Other examples from [youtube](https://www.youtube.com/watch?v=PtO3t6ynH-8&ab_channel=DataSchool)

__Delete Row (by index)__

In [None]:
dfTmp = df.drop(df.index[[1,]]).copy()
dfTmp.head()

__Uppescase__

In [None]:
df['Segment'] = df['Segment'].str.upper()
df.head()

__Strip__

In [None]:
# Let's assume there are leading and trailing blank spaces in a column
# (We'll put them in artificially now...)
df['Product'] = ' ' + df['Product'] + ' ' 

In [None]:
# One of the problem is that they're hard to notice...
df.head()

In [None]:
# ... but can cause difficulties: 
df[df['Product'] == 'Carretera'].head()

In [None]:
# It will only work with the spaces:
df[df['Product'] == ' Carretera '].head()

In [None]:
df.loc[0,'Product']

In [None]:
# Leading and trailing Spaces can be neglected during filtering:
df[df['Product'].str.strip() == 'Carretera'].head()

In [None]:
# Or removed from the DataFrame:
df['Product'] = df['Product'].str.strip()
df[df['Product'] == 'Carretera'].head()

__Rename columns__

In [None]:
df.rename(columns={'Segment': 'SegmentUPPERCASE', 'Product': 'ProductRenamed'}, inplace=True)
df.head()

## Sort, groupby, combine commands...

In [None]:
# reload original - just in case
xlFile = pd.ExcelFile('./FinancialSample.xlsx')
df = xlFile.parse('Sheet1')
df.head()

In [None]:
df.sort_values('Gross Sales', ascending=False, inplace=True)
df.head()

In [None]:
pd.DataFrame(df.groupby(['Segment'])['Country'].count())

In [None]:
# Creating a typical DataFrame from the above:
dfTmp = pd.DataFrame(df.groupby(['Segment'])['Country'].count())
dfTmp.reset_index(inplace=True)
dfTmp.rename(columns={'Country': 'Freq'}, inplace=True)
dfTmp

## Duplicates

__List duplicates__

In [None]:
df[df.duplicated(['Segment', 'Country'])][['Segment', 'Country']].sort_values(['Segment', 'Country'])

__Drop duplicates__

In [None]:
df[['Country','Segment']].drop_duplicates().sort_values(['Country','Segment'])
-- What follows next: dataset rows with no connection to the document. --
lemma card_decompositions_shift:
  assumes bij: "\<And>l. 1 \<le> l \<Longrightarrow> bij_betw (\<phi> l) (X l) (Y l)"
    and shift: "\<And>l x. 1 \<le> l \<Longrightarrow> x \<in> X l \<Longrightarrow> sum_mset (\<phi> l x) = sum_mset x + 1"
  shows "card (decompositions X k r n) = card (decompositions Y k r (n + 1))"
proof (rule bij_betw_same_card)
  let ?\<psi> = "\<lambda>l. inv_into (X l) (\<phi> l)"
  have left: "?\<psi> l (\<phi> l x) = x" and into: "\<phi> l x \<in> Y l"
    if "1 \<le> l" "x \<in> X l" for l x
    using bij_betw_inv_into_left[OF bij that(2)] bij_betwE[OF bij] that by blast+
  have right: "\<phi> l (?\<psi> l y) = y" and inv_into_X: "?\<psi> l y \<in> X l"
    if "1 \<le> l" "y \<in> Y l" for l y
    using bij_betw_inv_into_right[OF bij that(2)] bij_betwE[OF bij_betw_inv_into[OF bij]] that by blast+
  have inv_decomposition: "(l, ?\<psi> l y, e) \<in> decompositions X k r n"
    if "(l, y, e) \<in> decompositions Y k r (n + 1)" for l y e
  proof -
    from that have l: "1 \<le> l" and y: "y \<in> Y l"
      by (simp_all add: decompositions_def)
    have "sum_mset (?\<psi> l y) + 1 = sum_mset y"
      using shift[OF l inv_into_X[OF l y]] right[OF l y] by simp
    with that show ?thesis
      by (auto simp: decompositions_def inv_into_X[OF l y])
  qed
  show "bij_betw (\<lambda>(l, x, e). (l, \<phi> l x, e)) (decompositions X k r n) (decompositions Y k r (n + 1))"
  proof (rule bij_betw_byWitness[where f' = "\<lambda>(l, y, e). (l, ?\<psi> l y, e)"])
    show "(\<lambda>(l, y, e). (l, ?\<psi> l y, e)) ` decompositions Y k r (n + 1) \<subseteq> decompositions X k r n"
      using inv_decomposition by auto
  qed (auto simp: decompositions_def left into right shift)
qed

definition largest_odd_index :: "nat multiset \<Rightarrow> nat" where
  "largest_odd_index m = (Max {x \<in> set_mset m. odd x} + 1) div 2"

lemma B_set_compose:
  assumes l: "1 \<le> l" and a: "a \<in> odd_with_max l" and e: "e \<in> even_tails l k r"
  shows "filter_mset odd (a + e) = a" and "filter_mset even (a + e) = e"
    and "largest_odd_index (a + e) = l"
    and "a + e \<in> B_set k r (sum_mset a + sum_mset e)"
proof -
  have a_odd: "odd x \<and> x < 2 * l" if "x \<in># a" for x
    using a that by (simp add: odd_with_max_def)
  have a_max: "2 * l - 1 \<in># a"
    using a by (simp add: odd_with_max_def)
  have e_even: "even y \<and> count e y = 1 \<and> 2 * l + 2 \<le> y \<and> y \<le> 2 * l + 2 * k - 2" if "y \<in># e" for y
    using e that by (simp add: even_tails_def)
  show "filter_mset odd (a + e) = a"
    by (rule filter_mset_add_eq_left) (use a_odd e_even in auto)
  show even_part: "filter_mset even (a + e) = e"
    using filter_mset_add_eq_left[of e even a] a_odd e_even by (auto simp: add.commute)
  have "{x \<in> set_mset (a + e). odd x} = set_mset a"
    using a_odd e_even by auto
  moreover have "Max (set_mset a) = 2 * l - 1"
    by (rule Max_eqI) (use a_max in \<open>auto dest: a_odd\<close>)
  ultimately show index: "largest_odd_index (a + e) = l"
    using l by (simp add: largest_odd_index_def)
  have "count (a + e) y = count e y" if "even y" for y
    using a_odd that by (auto simp: not_in_iff[symmetric])
  moreover have "0 < x" if "x \<in># a + e" for x
    using that by (auto dest: a_odd e_even intro: odd_pos)
  ultimately show "a + e \<in> B_set k r (sum_mset a + sum_mset e)"
    using index even_part a_max a_odd e_even e
    by (auto simp: B_set_def partitions_def even_tails_def Let_def largest_odd_index_def)
qed

lemma B_set_decompose:
  assumes m: "m \<in> B_set k r n"
  defines "l \<equiv> largest_odd_index m"
  shows "1 \<le> l" and "filter_mset odd m \<in> odd_with_max l" and "filter_mset even m \<in> even_tails l k r"
    and "sum_mset (filter_mset odd m) + sum_mset (filter_mset even m) = n"
proof -
  let ?S = "{x \<in> set_mset m. odd x}"
  have fin: "finite ?S"
    by simp
  have "?S \<noteq> {}"
    using m by (auto simp: B_set_def)
  with fin have max_in: "Max ?S \<in> ?S"
    by (rule Max_in)
  have le_max: "x \<le> Max ?S" if "x \<in> ?S" for x
    using fin that by (rule Max_ge)
  from max_in have "odd (Max ?S)"
    by simp
  then have max_eq: "Max ?S = 2 * l - 1" and l: "1 \<le> l"
    unfolding l_def largest_odd_index_def by (auto elim!: oddE)
  then show "1 \<le> l"
    by simp
  show "filter_mset odd m \<in> odd_with_max l"
    using max_in le_max max_eq l by (fastforce simp: odd_with_max_def)
  show "filter_mset even m \<in> even_tails l k r"
    using m by (auto simp: B_set_def even_tails_def Let_def l_def largest_odd_index_def)
  show "sum_mset (filter_mset odd m) + sum_mset (filter_mset even m) = n"
    using m multiset_partition[of m odd] by (auto simp: B_set_def partitions_def simp flip: sum_mset.union)
qed
lemma continuous_fourier3:
  assumes f: "integrable lborel f"
  shows "continuous_on UNIV (fourier3 f)"
proof (intro continuous_at_imp_continuous_on ballI)
  have [measurable]: "f \<in> borel_measurable borel" using f by auto
  fix k :: "real^3"
  show "isCont (fourier3 f) k"
    unfolding continuous_at_sequentially
  proof (intro allI impI)
    fix X :: "nat \<Rightarrow> real^3" assume X: "X \<longlonglongrightarrow> k"
    show "(fourier3 f \<circ> X) \<longlonglongrightarrow> fourier3 f k"
      unfolding o_def fourier3_def
    proof (rule integral_dominated_convergence[where w="\<lambda>x. norm (f x)"])
      show "AE x in lborel. (\<lambda>n. cis (- (X n \<bullet> x)) * complex_of_real (f x))
          \<longlonglongrightarrow> cis (- (k \<bullet> x)) * complex_of_real (f x)"
        using X unfolding cis_conv_exp by (intro AE_I2 tendsto_intros)
    qed (use f in \<open>auto simp: norm_mult\<close>)
  qed
qed

lemma continuous_AE_zero_imp_zero:
  fixes u :: "'a::euclidean_space \<Rightarrow> 'b::real_normed_vector"
  assumes u: "continuous_on UNIV u" and "AE x in lborel. u x = 0"
  shows "u x = 0"
proof (rule ccontr)
  assume "u x \<noteq> 0"
  obtain N where N: "N \<in> null_sets lborel" "{x. u x \<noteq> 0} \<subseteq> N"
    using assms(2) unfolding eventually_ae_filter by auto
  have "open {x. u x \<noteq> 0}"
    using open_vimage[of "- {0}" u] u by (simp add: vimage_def open_Compl)
  moreover have "negligible {x. u x \<noteq> 0}"
    using N negligible_iff_null_sets null_sets_completionI[OF N(1)]
    by (auto intro: negligible_subset)
  ultimately show False using open_not_negligible \<open>u x \<noteq> 0\<close> by blast
qed

lemma integrable_if_L2_on:
  assumes "open \<Omega>" "bounded \<Omega>" "f \<in> L2_on \<Omega>"
  shows "integrable lborel f"
proof (rule integrable_if_square_integrable_bounded_support[where \<Omega>=\<Omega>])
qed (use assms in \<open>auto simp: L2_on_def\<close>)

lemma AE_eq_if_fourier3_eq:
  assumes f: "integrable lborel f" and g: "integrable lborel g" and "bounded \<Omega>"
    and outside: "\<And>x. x \<notin> \<Omega> \<Longrightarrow> f x = g x"
    and fourier_eq: "\<And>k. fourier3 f k = fourier3 g k"
  shows "AE x in lborel. f x = g x"
proof -
  have "(\<integral>x. cis (w \<bullet> x) * complex_of_real (f x - g x) \<partial>lborel) = fourier3 f (- w) - fourier3 g (- w)"
    for w
    using integrable_cis_mult[OF f, of w] integrable_cis_mult[OF g, of w]
    by (simp add: fourier3_def right_diff_distrib)
  moreover have "f x - g x = 0" if "x \<notin> closure \<Omega>" for x
    using that closure_subset outside by (metis diff_self subsetD)
  ultimately have "AE x in lborel. f x - g x = 0"
    using f g fourier_eq \<open>bounded \<Omega>\<close>
    by (intro fourier_uniqueness_compact_support[where K="closure \<Omega>"]) (auto simp: compact_closure)
  then show ?thesis by auto
qed

theorem proposition5p2:
  fixes \<Omega> :: "(real^3) set" and c0 \<tau>1 \<epsilon> T kc D :: real
  assumes "open \<Omega>" and "bounded \<Omega>"
    and "c0 > 0" and "\<tau>1 > 0" and "\<epsilon> > 0" and "T > 0"
    and "kc = 2 / (\<tau>1 * c0)"
    and "D = 2 * (c0 / kc + \<epsilon>) * T"
    and "f \<in> L2_on \<Omega>" and "g \<in> L2_on \<Omega>"
    and "AE k in lborel.
           complex_of_real (A_symbol c0 \<tau>1 kc T k) * fourier3 (heat_smooth D f) k
         = complex_of_real (A_symbol c0 \<tau>1 kc T k) * fourier3 (heat_smooth D g) k"
  shows "AE x in lborel. f x = g x"
proof -
  have kc: "kc > 0" and D: "D > 0"
    using assms(3-8) by (simp_all add: add_pos_pos)
  have f: "integrable lborel f" and g: "integrable lborel g"
    using assms(1,2,9,10) by (simp_all add: integrable_if_L2_on)
  have "AE k in lborel. fourier3 f k - fourier3 g k = 0"
    using assms(11) AE_A_symbol_nonzero[OF assms(3) kc, of \<tau>1 T]
    by eventually_elim (simp add: fourier3_heat_smooth[OF D f] fourier3_heat_smooth[OF D g])
  then have "fourier3 f k - fourier3 g k = 0" for k
    using continuous_fourier3[OF f] continuous_fourier3[OF g]
    by (intro continuous_AE_zero_imp_zero continuous_intros)
  moreover have "f x = g x" if "x \<notin> \<Omega>" for x
    using that assms(9,10) by (simp add: L2_on_def)
  ultimately show ?thesis
    using AE_eq_if_fourier3_eq[OF f g assms(2)] by simp
qed

end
## _lambda_: anonymous function -> convert on the fly...

In [None]:
df['MF bucket'] = df['Manufacturing Price'].apply(lambda x: '> 50' if x>50 else '<=50')
df[['Manufacturing Price', 'MF bucket']].tail()

In [None]:
# Munltiple (or even all) columns can be handed over:
df['SomeNewCol'] = df[['Segment', 'Country', 'Month Name']].apply(lambda x: x[0][:3]+'-'+x[1][:3]+'-'+x[2][:3], axis=1)
df[['Segment', 'Country', 'Month Name', 'SomeNewCol']].head()

## Concatenate Strings

(Handy e.g. when creating SQL queries...)

__use .join()__

In [None]:
'-'.join(['a','b','c','d'])

In [None]:
'-->X<--'.join(['a','b','c','d'])

In [None]:
' <x> '.join(df['Product'].unique())

__use Groupby__

In [None]:
dfGrp = df[['Product','Segment', 'Country', 'Month Name']].groupby(['Product','Segment', 'Country']).sum()
dfGrp.reset_index(inplace=True)
dfGrp.head(8)

__use Groupby with .join()__

In [None]:
dfGrp = pd.DataFrame(df.groupby(['Product','Segment', 'Country'])['Month Name'].apply(lambda x: ', '.join(x)))
dfGrp.reset_index(inplace=True)
dfGrp.head(8)

## Modify / Create columns based on other columns...

__with .loc__

In [None]:
# Overwrite values in column based on condition:
df.loc[df['Segment'] == 'Midmarket', 'Country'] = 'Neverland'
df.head()

In [None]:
# Or create new column:
df.loc[df['Segment'] == 'Midmarket', 'someFlag'] = 'Yes'
df.head()

with numpy where

In [None]:
df['month-note'] = np.where(df['Month Name'].str.contains('a'), '\'a\' found', '\'a\' not found')
df[df.columns[-6:]].tail()

In [None]:
# As Python is case sensitive 
df[(df['Month Name']=='August') | (df['Month Name']=='May')][df.columns[-6:]].head()

In [None]:
# To catch 'A' as well, either check for both or make the column lower case:
df['month-note'] = np.where(df['Month Name'].str.lower().str.contains('a'), '\'a\' found', '\'a\' not found')
df[(df['Month Name']=='August') | (df['Month Name']=='May')][df.columns[-6:]].head()

## Aovid loops, use apply

In [None]:
df['DiscountsRound'] = df['Discounts'].apply(round)
df[['Discounts', 'DiscountsRound']].tail()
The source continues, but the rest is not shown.